Calcium and phosphate have the greatest tendency to form complexes with each
other. Disorders that cause an increase in either plasma calcium or phosphate
can result in the deposit of calcium-phosphate crystals in the soft tissues of
the body. A fourth classification concerns those electrolytes that influence the
acidity or alkalinity of the bloodstream, also known as the pH. The pH of the
bloodstream is normally in the range of 7.35-7.45. A decrease below this range
is called acidosis, while a pH above this range is called alkalosis. The
electrolytes most closely associated with the pH of the bloodstream are
bicarbonate, chloride, and phosphate.
Preparation
All electrolyte tests can be performed on plasma or
serum. Plasma is prepared by withdrawing a blood sample and placing it in a
test tube containing a chemical that prevents blood from clotting (an
anti-coagulant). Serum is prepared by withdrawing a blood sample, placing it
in a test tube, and allowing it to clot. The blood spontaneously clots within
a minute of withdrawing the blood from a vein. The serum or plasma is then
rapidly spun with a centrifuge in order to remove the blood cells or clot.
Normal results
Electrolyte concentrations are similar whether
measured in serum or plasma. Values can be expressed in terms of weight per
unit volume (mg/deciliter; mg/dL) or in the number of molecules in a volume,
or molarity (moles or millimoles/liter; M or mM). The range of normal values
sometimes varies slightly between different age groups, for males and females,
and between different analytical laboratories.
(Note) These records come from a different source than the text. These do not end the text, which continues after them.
(* Let $\mathcal G$ be a shortest-path game in which $\mathrm{Val}^{\mathrm d}(v)\neq+\infty$ and $\overline{\mathrm{Val}}^{\mathrm m}(v)\neq+\infty$ for all vertices $v$. Let $\sigma_1$ be a fake-optimal NC-strategy of Min, $\sigma_2$ an attractor strategy of Min, $n\in\mathbb N$, and $\sigma=\langle\sigma_1,\sigma_2,\alpha\rangle$ the switching strategy with $\alpha=(2W(|V|-1)+n)|V|+1$. Fix $v_0\in V$. For $p\in(0,1)$ let $\rho_p$ be the memoryless strategy of Min defined below. Then there is $\varepsilon_0>0$ such that for every $\varepsilon\in(0,\varepsilon_0)$ there exists $p_0<1$ such that for every $p\in[p_0,1)$ and every memoryless strategy $\tau$ of Max, $\mathbb E^{\rho_p,\tau}_{v_0}(\mathrm{TP})\le \mathrm{Val}^{\sigma}(v_0)+\varepsilon$.
   Context: A shortest-path game is $\mathcal G=(V_{\mathrm{Max}},V_{\mathrm{Min}},T,E,w)$ with finite $V=V_{\mathrm{Max}}\uplus V_{\mathrm{Min}}\uplus T$, edges $E\subseteq (V\setminus T)\times V$ with every non-target vertex having a successor, and integer weights $w\colon E\to\mathbb Z$; $W=\max_{e\in E}|w(e)|$. Plays from $v$ are finite paths ending at their first visit to $T$ (total payoff $\mathrm{TP}$ = sum of weights) or infinite paths avoiding $T$ ($\mathrm{TP}=+\infty$). Strategies of Min (resp. Max) map finite paths ending in $V_{\mathrm{Min}}$ (resp. $V_{\mathrm{Max}}$) to distributions on successors of the last vertex; deterministic = always Dirac, memoryless = depends only on the last vertex. For deterministic $\sigma,\tau$, $\mathrm{out}(v,\sigma,\tau)$ is the unique conforming play; $\mathrm{Val}^\sigma(v)=\sup_\tau \mathrm{TP}(\mathrm{out}(v,\sigma,\tau))$ over deterministic $\tau$, and $\mathrm{Val}^{\mathrm d}(v)=\inf_\sigma\mathrm{Val}^\sigma(v)$. For memoryless $\rho$ (Min) and $\tau$ (Max), $\mathbb E^{\rho,\tau}_v(\mathrm{TP})$ is the expected total payoff in the induced Markov chain; $\overline{\mathrm{Val}}^{\mathrm m}(v)=\inf_\rho\sup_\tau\mathbb E^{\rho,\tau}_v(\mathrm{TP})$ over memoryless strategies. A play/path conforms to a memoryless deterministic Min strategy $\sigma_1$ if every Min vertex $u$ on it (except possibly the last) is followed by $\sigma_1(u)$. An NC-strategy is a memoryless deterministic Min strategy $\sigma_1$ such that every cycle conforming to $\sigma_1$ has negative total weight; it is fake-optimal if for all $v$, $\sup\{\mathrm{TP}(\pi)\mid \pi \text{ a finite play from } v \text{ ending in } T \text{ conforming to } \sigma_1\}\le \mathrm{Val}^{\mathrm d}(v)$ (with $\sup\emptyset=-\infty$). An attractor strategy is a memoryless deterministic Min strategy $\sigma_2$ guaranteeing that every conforming play reaches $T$. The switching strategy $\langle\sigma_1,\sigma_2,\alpha\rangle$ is the deterministic strategy that plays $\sigma_1$ and switches to $\sigma_2$ as soon as the length of the current finite play exceeds $\alpha$. The strategy $\rho_p$: for $v\in V_{\mathrm{Min}}$, if the strongly connected component of $v$ in the graph $(V,E)$ contains no cycle of negative total weight, $\rho_p(v)$ is the Dirac distribution on $\sigma_1(v)$; otherwise, if $\sigma_1(v)\ne\sigma_2(v)$, $\rho_p(v)$ chooses $\sigma_1(v)$ with probability $p$ and $\sigma_2(v)$ with probability $1-p$, and if $\sigma_1(v)=\sigma_2(v)$ it chooses that vertex with probability 1. *)

theory Defs
  imports "HOL-Probability.Probability"
begin

record 'v spgame =
  VMax :: "'v set"
  VMin :: "'v set"
  Tgt  :: "'v set"
  Edg  :: "('v \<times> 'v) set"
  wt   :: "'v \<times> 'v \<Rightarrow> int"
The normal level of serum sodium is in the range of
136-145 mM. The normal levels of serum potassium are 3.5-5.0 mM. Note that
sodium occurs at a much higher concentration than potassium. The normal
concentration of total serum calcium (bound calcium plus free calcium) is in
the range of 8.8-10.4 mg/dL. About 40% of the total calcium in the plasma is
loosely bound to proteins; this calcium is referred to as bound calcium. The
normal range of free calcium is 4.8-5.2 mg/dL. The normal concentration of
serum magnesium is in the range of 2.0-3.0 mg/dL.
The normal concentration range of chloride is 350-375
mg/dL or 98-106 mM. The normal level of phosphate, as expressed as the
concentration of phosphorus, is 2.0-4.3 mg/dL. Bicarbonate is an electrolyte
that is freely and spontaneously interconvertable with carbonic acid and
carbon dioxide. The normal concentration of carbonic acid (H2CO3)
is about 1.35 mM. The normal concentration of bicarbonate (HCO3-)
is about 27 mM. The concentration of total carbon dioxide is the sum of
carbonic acid and bicarbonate; this sum is normally in the range of 26-28 mM.
The ratio of bicarbonate/carbonic acid is more significant than the actual
concentrations of these two forms of carbon dioxide. Its normal value is
27/1.35 (equivalent to 20/1).
Abnormal results
Positively charged electrolytes
High serum sodium levels (hypernatremia) occur at
sodium concentrations over 145 mM, with severe hypernatremia over 152 mM.
Hypernatremia is usually caused by diseases that cause excessive urination. In
these cases, water is lost, but sodium is still retained in the body. The
symptoms include confusion and can lead to convulsions and coma. Low serum
sodium levels (hyponatremia) are below 130 mM, with severe hyponatremia at or
below 125 mM. Hyponatremia often occurs with severe diarrhea, with losses of
both water and sodium, but with sodium loss exceeding water loss. Hyponatremia
provokes clinical problems only if serum sodium falls below 125 mM, especially
if this has occurred rapidly. The symptoms can be as mild as tiredness but may
lead to convulsions and coma.
High serum potassium (hyperkalemia) occurs at
potassium levels above 5.0 mM; it is considered severe over 8.0 mM.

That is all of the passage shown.